On the Non‐Specular Reflection of Plane Waves of Sound

The non‐specular or scattered reflection of plane waves of sound by various rigid, non‐absorbent non‐porous surfaces composed of either semicylindrical or hemispherical bosses (protuberances) on an infinite plane is analyzed. Exact solutions for the problem of the single boss and a plane wave at an arbitrary angle of incidence are derived through consideration of a cylinder or sphere and two simultaneously incident “image waves.” Finite patterned distributions of such bosses are then treated and the far field solution obtained subject to the restriction that the secondary excitations of the various bosses be neglected. (The equivalent problems for cylinders and spheres are also considered as well as the second‐order solution, for the cylindrical case, which takes into account the interaction of neighboring elements.) These solutions are found to contain the characteristic Fraunhofer terms for a grating or lattice.
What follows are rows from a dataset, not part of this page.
(* Let $n\in\mathbb N$, let $f=\sum_{j\ge0}a_jz^j$ be extremal for $M_n$ with $f(0)>0$, and write $\log f=\sum_{j\ge0}b_jz^j$ for a holomorphic logarithm of $f$. Let $P(z)=a_n+2\sum_{j=1}^na_{n-j}z^j$. If $\mathrm{Re}\,P$ vanishes at $n$ distinct points of $\partial\mathbb D$, then $|b_j|\le 2n/j$ for $1\le j\le n$. In particular $|b_n|\le2$, with equality if and only if these $n$ zeros of $\mathrm{Re}\,P$ are equidistributed on $\partial\mathbb D$ (i.e. they form the set $\{\omega e^{2\pi ik/n}:k=1,\dots,n\}$ for some $\omega\in\partial\mathbb D$).
   Context: $\mathbb D$ is the open unit disc; $\mathcal B_0=\{f$ holomorphic on $\mathbb D: 0<|f|\le1\}$; $M_n(f)=\mathrm{Re}\,a_n$; $f\in\mathcal B_0$ is extremal for $M_n$ if $M_n(f)\ge M_n(F)$ for all $F\in\mathcal B_0$. *)

theory Defs
  imports "HOL-Complex_Analysis.Complex_Analysis"
begin

definition taylor_coef :: "(complex \<Rightarrow> complex) \<Rightarrow> nat \<Rightarrow> complex" where
  "taylor_coef f j = (deriv ^^ j) f 0 / of_nat (fact j)"

definition B0 :: "(complex \<Rightarrow> complex) set" where
  "B0 = {f. f holomorphic_on ball 0 1 \<and> (\<forall>z\<in>ball 0 1. 0 < norm (f z) \<and> norm (f z) \<le> 1)}"

definition M :: "nat \<Rightarrow> (complex \<Rightarrow> complex) \<Rightarrow> real" where
  "M n f = Re (taylor_coef f n)"
(* Let $U:(0,\infty)\to\mathbb R$ be a utility function satisfying Assumption 2. Let $\xi>0$ be a random variable with $\mathbb E[|U(\xi)|]<\infty$, and let $\eta=(\eta^i)_{0\le i\le m}$ be an $(m+1)$-dimensional random vector such that $\eta^i\ge-K\xi$ for $0\le i\le m$ and some constant $K>0$, and $\mathbb E[-U''(\xi)\|\eta\|^2]<\infty$. Then $w(s):=\mathbb E[U(\xi+\langle s,\eta\rangle)]$ is well defined for $s\in\mathbb R^{m+1}$ with $0\le s^i<\frac{1}{K(m+1)}$, $0\le i\le m$, and, as $s\to0$ within this set, $$w(s)=w(0)+\mathbb E[U'(\xi)\langle\eta,s\rangle]+\tfrac12\mathbb E[U''(\xi)\langle\eta,s\rangle^2]+o(\|s\|^2).$$
   Context: A utility function here is $U:(0,\infty)\to\mathbb R$ strictly increasing, strictly concave, continuously differentiable, with $U'(0+)=\infty$, $U'(\infty)=0$. Assumption 2: $U$ is twice continuously differentiable and $c_1<-xU''(x)/U'(x)<c_2$ for all $x>0$, for constants $0<c_1<c_2<\infty$. *)

theory Defs
  imports "HOL-Analysis.Analysis" "HOL-Probability.Probability" "HOL-Library.Landau_Symbols"
begin

definition strictly_concave_on :: "real set \<Rightarrow> (real \<Rightarrow> real) \<Rightarrow> bool" where
  "strictly_concave_on S f \<longleftrightarrow>
     (\<forall>x\<in>S. \<forall>y\<in>S. \<forall>t. x \<noteq> y \<and> 0 < t \<and> t < 1 \<longrightarrow>
        (1 - t) * f x + t * f y < f ((1 - t) * x + t * y))"

text \<open>A utility function U on (0,oo) with first derivative U1 and second derivative U2,
  satisfying Assumption 2. Values of U, U1, U2 outside (0,oo) are irrelevant.\<close>
definition utility_A2 :: "(real \<Rightarrow> real) \<Rightarrow> (real \<Rightarrow> real) \<Rightarrow> (real \<Rightarrow> real) \<Rightarrow> bool" where
  "utility_A2 U U1 U2 \<longleftrightarrow>
     strict_mono_on {0<..} U \<and>
     strictly_concave_on {0<..} U \<and>
     (\<forall>x>0. (U has_real_derivative U1 x) (at x)) \<and>
     continuous_on {0<..} U1 \<and>
     filterlim U1 at_top (at_right 0) \<and>
     (U1 \<longlongrightarrow> 0) at_top \<and>
     (\<forall>x>0. (U1 has_real_derivative U2 x) (at x)) \<and>
     continuous_on {0<..} U2 \<and>
     (\<exists>c1 c2. 0 < c1 \<and> c1 < c2 \<and>
        (\<forall>x>0. c1 < - x * U2 x / U1 x \<and> - x * U2 x / U1 x < c2))"

end

theory Submission
  imports Defs
begin

text \<open>Taylor's formula with Lagrange remainder writes \<open>U (x + h)\<close> as its second order
  expansion at \<open>x\<close> plus \<open>(U2 t - U2 x) h\<^sup>2 / 2\<close> with \<open>t\<close> between \<open>x\<close> and \<open>x + h\<close>.
  For \<open>s\<close> in the admissible set, \<open>\<xi> + \<langle>s, \<eta>\<rangle> \<ge> (1 - K \<Sigma>\<^sub>i s\<^sub>i) \<xi>\<close>, and the bounds on the relative
  risk aversion make \<open>-U2\<close> comparable on \<open>[l x, \<infinity>)\<close> to \<open>-U2 x\<close>. Hence the remainder at
  \<open>(\<xi>, \<langle>s, \<eta>\<rangle>)\<close> is dominated by a multiple of \<open>-U2 \<xi> \<parallel>\<eta>\<parallel>\<^sup>2 \<parallel>s\<parallel>\<^sup>2\<close>, which gives all
  integrability claims, and dominated convergence applied to the remainder divided by
  \<open>\<parallel>s\<parallel>\<^sup>2\<close> gives the \<open>o(\<parallel>s\<parallel>\<^sup>2)\<close> error term.\<close>

lemma power2_inner_le: "(x \<bullet> y)\<^sup>2 \<le> (norm x)\<^sup>2 * (norm y)\<^sup>2"
  for x y :: "'a::real_inner"
  using Cauchy_Schwarz_ineq[of x y] by (simp add: power2_norm_eq_inner)

lemma mono_on_pos_if_DERIV_nonneg:
  fixes f f' :: "real \<Rightarrow> real"
  assumes "\<And>y. y > 0 \<Longrightarrow> (f has_real_derivative f' y) (at y)" "\<And>y. y > 0 \<Longrightarrow> 0 \<le> f' y"
  shows "mono_on {0<..} f"
proof (rule mono_onI)
  fix a b :: real assume "a \<in> {0<..}" "a \<le> b"
  show "f a \<le> f b"
  proof (rule DERIV_nonneg_imp_nondecreasing[OF \<open>a \<le> b\<close>])
    fix y assume "a \<le> y" "y \<le> b"
    with \<open>a \<in> {0<..}\<close> have "y > 0" by simp
    with assms show "\<exists>d. (f has_real_derivative d) (at y) \<and> 0 \<le> d" by blast
  qed
qed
The asymptotic solutions for the single bosses (Kr≫1, Ka<1) are then extended to consider both finite and infinite uniform random distributions. The solutions for the finite distributions are found to contain the characteristic Fraunhofer terms for similarly shaped apertures. The solutions for the infinite distributions (of semicylinders or hemispheres) are found to be remarkably similar when expressed in terms of the volumetric departure from the plane per cm² of distribution. Some extensions and ramifications of the results are also considered.